*Activity*: Within the material below, filter for lines that hold the word "ultimately".

※

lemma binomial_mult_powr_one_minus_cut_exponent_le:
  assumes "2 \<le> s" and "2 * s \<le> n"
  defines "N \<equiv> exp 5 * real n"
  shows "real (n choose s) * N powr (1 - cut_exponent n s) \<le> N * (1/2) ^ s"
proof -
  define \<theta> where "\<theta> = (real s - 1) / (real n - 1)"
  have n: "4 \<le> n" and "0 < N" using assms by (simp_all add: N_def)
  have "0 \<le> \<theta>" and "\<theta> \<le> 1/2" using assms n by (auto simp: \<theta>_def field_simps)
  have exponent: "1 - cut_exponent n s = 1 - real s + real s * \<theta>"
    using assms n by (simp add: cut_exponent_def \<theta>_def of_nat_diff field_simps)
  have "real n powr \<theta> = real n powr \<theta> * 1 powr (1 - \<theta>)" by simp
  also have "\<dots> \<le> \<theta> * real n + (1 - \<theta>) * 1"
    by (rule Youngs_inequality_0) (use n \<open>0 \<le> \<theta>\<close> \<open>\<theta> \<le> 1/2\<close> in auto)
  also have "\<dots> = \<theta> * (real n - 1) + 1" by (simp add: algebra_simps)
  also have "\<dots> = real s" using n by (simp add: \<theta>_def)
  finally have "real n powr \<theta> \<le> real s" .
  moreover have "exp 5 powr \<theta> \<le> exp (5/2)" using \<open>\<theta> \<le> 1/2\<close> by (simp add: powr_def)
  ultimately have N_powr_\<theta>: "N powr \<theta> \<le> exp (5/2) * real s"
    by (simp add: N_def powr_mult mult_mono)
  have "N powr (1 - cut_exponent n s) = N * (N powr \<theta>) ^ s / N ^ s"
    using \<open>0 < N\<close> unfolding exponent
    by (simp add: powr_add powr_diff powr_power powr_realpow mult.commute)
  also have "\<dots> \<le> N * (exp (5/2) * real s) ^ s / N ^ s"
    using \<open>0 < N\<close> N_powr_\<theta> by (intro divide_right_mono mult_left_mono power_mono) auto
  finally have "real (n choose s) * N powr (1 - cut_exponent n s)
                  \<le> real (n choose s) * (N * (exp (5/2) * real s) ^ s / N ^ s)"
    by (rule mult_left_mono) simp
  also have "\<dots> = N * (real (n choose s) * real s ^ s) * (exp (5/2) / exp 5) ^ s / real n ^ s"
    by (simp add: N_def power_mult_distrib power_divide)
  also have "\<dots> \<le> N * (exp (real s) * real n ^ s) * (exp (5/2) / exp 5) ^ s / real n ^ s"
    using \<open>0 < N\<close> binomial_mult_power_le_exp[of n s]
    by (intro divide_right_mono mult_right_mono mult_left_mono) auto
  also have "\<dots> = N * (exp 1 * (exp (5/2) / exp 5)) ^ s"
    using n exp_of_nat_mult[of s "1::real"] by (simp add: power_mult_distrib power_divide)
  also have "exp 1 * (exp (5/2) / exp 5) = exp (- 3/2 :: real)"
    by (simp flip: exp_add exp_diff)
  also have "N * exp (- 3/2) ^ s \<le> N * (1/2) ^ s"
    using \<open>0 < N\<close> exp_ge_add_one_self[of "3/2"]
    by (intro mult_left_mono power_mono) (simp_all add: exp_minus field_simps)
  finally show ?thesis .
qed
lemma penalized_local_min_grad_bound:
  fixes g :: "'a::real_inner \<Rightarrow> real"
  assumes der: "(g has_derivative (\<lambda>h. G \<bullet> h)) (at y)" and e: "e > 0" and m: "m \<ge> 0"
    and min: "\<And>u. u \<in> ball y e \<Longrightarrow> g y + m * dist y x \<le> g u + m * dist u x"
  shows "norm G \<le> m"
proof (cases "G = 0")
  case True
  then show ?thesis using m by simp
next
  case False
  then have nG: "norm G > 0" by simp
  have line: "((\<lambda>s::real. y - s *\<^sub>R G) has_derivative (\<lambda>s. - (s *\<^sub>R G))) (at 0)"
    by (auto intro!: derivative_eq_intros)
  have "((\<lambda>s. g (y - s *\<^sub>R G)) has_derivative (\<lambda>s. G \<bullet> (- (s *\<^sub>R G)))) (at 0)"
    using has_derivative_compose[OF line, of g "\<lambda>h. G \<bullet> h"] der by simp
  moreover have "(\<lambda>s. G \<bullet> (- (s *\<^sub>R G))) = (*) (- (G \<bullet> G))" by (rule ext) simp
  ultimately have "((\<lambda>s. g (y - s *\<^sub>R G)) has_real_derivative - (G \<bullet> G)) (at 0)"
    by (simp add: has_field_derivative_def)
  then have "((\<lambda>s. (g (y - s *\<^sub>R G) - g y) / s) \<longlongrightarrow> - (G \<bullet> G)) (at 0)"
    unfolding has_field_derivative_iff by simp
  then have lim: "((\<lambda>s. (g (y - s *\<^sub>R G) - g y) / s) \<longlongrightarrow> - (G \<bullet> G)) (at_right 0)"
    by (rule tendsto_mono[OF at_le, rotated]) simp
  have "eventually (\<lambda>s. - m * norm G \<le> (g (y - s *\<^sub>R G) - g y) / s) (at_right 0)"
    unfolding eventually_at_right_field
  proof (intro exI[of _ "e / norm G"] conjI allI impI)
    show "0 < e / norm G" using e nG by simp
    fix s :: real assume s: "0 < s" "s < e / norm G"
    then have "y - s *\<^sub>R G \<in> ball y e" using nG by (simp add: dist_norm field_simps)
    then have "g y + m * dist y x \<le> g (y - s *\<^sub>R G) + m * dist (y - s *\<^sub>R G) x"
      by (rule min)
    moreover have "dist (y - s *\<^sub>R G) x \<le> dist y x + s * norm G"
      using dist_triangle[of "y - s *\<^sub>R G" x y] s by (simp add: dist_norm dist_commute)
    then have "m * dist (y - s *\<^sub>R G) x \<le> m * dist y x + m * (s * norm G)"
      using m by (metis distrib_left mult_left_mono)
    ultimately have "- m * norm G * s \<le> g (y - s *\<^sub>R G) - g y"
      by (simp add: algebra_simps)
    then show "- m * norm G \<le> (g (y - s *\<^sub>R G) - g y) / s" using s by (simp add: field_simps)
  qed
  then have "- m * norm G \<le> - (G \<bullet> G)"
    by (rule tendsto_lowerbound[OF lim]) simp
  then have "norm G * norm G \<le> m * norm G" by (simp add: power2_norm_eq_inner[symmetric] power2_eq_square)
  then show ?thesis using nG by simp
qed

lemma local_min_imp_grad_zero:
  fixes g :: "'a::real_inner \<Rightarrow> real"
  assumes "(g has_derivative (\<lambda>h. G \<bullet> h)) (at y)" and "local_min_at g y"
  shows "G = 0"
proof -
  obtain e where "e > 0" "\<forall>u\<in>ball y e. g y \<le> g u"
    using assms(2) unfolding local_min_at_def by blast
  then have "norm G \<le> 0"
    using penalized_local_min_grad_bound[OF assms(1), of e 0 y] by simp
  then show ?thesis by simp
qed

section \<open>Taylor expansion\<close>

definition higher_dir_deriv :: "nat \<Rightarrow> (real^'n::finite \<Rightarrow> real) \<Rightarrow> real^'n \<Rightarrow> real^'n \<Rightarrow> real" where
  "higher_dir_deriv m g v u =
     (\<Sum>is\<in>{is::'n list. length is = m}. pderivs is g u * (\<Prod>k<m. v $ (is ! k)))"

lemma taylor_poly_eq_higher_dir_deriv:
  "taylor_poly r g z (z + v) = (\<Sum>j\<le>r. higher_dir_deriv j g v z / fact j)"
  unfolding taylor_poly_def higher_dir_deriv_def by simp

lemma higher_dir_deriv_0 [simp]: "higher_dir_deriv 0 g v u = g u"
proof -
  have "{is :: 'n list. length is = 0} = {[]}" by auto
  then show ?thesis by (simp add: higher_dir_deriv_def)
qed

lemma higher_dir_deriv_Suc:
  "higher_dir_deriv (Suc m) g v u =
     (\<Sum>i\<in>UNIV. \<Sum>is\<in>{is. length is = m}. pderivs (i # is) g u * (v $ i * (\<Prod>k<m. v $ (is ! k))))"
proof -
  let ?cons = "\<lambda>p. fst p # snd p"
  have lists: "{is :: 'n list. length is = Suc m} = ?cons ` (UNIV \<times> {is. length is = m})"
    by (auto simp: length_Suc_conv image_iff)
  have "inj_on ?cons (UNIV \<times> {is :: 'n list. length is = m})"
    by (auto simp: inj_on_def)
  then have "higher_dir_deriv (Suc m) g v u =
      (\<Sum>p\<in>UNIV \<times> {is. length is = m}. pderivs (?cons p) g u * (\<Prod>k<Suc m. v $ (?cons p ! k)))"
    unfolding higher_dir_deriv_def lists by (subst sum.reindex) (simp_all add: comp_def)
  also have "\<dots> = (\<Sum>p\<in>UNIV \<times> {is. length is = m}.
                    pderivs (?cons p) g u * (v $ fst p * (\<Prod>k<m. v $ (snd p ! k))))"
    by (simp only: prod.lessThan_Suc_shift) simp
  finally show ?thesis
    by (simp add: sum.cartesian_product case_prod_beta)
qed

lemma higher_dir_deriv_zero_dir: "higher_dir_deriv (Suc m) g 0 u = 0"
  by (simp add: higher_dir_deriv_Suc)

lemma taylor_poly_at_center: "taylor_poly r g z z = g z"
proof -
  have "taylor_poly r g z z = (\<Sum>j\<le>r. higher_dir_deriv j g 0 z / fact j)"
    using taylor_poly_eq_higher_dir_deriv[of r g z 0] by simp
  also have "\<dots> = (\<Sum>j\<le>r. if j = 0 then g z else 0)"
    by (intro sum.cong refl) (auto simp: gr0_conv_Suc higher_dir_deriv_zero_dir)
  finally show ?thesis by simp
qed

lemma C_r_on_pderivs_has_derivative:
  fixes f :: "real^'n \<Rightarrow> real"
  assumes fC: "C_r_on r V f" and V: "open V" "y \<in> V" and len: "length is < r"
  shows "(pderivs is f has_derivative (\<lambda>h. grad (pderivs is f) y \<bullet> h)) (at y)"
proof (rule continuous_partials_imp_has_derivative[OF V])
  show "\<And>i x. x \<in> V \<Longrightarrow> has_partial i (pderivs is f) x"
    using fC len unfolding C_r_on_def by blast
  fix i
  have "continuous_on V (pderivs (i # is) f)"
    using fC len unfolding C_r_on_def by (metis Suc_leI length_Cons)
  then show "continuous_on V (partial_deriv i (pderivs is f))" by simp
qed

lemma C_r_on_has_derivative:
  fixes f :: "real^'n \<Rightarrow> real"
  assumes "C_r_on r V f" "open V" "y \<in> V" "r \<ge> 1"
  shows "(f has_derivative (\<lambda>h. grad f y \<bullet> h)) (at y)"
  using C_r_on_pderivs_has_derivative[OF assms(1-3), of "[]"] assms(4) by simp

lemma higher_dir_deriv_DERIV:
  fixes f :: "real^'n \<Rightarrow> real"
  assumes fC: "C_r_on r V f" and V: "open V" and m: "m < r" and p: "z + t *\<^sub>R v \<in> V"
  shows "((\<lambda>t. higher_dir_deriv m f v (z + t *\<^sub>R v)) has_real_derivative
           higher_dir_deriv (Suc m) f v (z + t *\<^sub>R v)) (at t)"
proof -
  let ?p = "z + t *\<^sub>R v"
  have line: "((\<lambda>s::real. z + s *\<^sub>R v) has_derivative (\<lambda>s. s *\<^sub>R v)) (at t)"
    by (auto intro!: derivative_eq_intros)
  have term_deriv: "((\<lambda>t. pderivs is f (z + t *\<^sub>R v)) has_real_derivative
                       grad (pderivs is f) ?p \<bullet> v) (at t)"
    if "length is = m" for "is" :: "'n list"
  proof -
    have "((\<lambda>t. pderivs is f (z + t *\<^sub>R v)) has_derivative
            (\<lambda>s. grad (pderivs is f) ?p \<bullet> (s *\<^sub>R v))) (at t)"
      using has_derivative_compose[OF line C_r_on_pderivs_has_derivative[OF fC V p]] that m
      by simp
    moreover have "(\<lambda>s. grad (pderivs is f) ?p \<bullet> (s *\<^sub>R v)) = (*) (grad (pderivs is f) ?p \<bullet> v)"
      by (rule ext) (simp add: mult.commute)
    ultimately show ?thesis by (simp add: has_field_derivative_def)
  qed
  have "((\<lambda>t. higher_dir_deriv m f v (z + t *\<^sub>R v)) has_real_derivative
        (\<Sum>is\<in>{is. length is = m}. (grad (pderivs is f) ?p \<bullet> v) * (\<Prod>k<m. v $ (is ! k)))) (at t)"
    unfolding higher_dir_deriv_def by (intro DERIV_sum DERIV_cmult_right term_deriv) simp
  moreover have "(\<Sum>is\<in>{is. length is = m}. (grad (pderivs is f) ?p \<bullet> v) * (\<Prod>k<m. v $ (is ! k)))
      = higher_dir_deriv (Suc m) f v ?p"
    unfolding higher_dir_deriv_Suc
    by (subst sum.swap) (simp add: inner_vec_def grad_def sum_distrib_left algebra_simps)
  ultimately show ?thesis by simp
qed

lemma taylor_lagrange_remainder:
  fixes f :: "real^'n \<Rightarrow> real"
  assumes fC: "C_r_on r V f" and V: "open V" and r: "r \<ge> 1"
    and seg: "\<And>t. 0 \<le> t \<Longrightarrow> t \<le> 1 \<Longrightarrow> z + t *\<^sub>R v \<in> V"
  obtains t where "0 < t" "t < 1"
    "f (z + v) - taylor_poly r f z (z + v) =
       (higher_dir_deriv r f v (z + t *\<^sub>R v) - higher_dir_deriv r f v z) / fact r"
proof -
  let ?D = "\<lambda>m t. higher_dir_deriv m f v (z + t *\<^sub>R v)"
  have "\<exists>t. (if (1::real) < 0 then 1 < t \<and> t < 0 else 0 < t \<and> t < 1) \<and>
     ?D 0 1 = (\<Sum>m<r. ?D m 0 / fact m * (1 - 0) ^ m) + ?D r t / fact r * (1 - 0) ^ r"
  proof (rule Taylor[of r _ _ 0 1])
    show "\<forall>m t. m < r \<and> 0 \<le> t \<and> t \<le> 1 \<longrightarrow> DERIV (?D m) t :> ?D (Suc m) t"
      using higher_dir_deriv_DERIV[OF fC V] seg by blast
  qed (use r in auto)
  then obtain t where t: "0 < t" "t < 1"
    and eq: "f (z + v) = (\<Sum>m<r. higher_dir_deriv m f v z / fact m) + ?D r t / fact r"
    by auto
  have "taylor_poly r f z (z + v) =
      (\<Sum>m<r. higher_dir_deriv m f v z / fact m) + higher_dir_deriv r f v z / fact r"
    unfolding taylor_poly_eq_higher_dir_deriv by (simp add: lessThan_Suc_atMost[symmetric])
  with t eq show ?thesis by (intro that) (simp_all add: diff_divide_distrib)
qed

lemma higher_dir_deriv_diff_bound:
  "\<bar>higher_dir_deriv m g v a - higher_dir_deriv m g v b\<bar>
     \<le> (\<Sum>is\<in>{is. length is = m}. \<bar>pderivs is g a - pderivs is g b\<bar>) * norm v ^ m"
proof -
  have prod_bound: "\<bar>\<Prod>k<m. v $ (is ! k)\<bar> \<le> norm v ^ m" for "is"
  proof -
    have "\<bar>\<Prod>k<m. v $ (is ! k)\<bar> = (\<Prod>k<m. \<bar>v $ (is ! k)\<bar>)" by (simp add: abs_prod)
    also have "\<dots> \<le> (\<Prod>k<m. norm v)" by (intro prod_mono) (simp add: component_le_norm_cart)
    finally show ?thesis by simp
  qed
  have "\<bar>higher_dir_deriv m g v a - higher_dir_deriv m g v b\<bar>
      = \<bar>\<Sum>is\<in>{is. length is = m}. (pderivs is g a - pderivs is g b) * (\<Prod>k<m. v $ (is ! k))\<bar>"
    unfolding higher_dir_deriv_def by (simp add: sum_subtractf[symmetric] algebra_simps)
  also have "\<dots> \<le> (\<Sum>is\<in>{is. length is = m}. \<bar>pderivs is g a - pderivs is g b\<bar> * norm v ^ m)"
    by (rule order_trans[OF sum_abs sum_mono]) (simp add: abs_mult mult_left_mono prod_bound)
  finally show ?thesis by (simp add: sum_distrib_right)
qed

※

*Answer to this problem*:
  ultimately have N_powr_\<theta>: "N powr \<theta> \<le> exp (5/2) * real s"
  ultimately have "((\<lambda>s. g (y - s *\<^sub>R G)) has_real_derivative - (G \<bullet> G)) (at 0)"
    ultimately have "- m * norm G * s \<le> g (y - s *\<^sub>R G) - g y"
    ultimately show ?thesis by (simp add: has_field_derivative_def)
  ultimately show ?thesis by simp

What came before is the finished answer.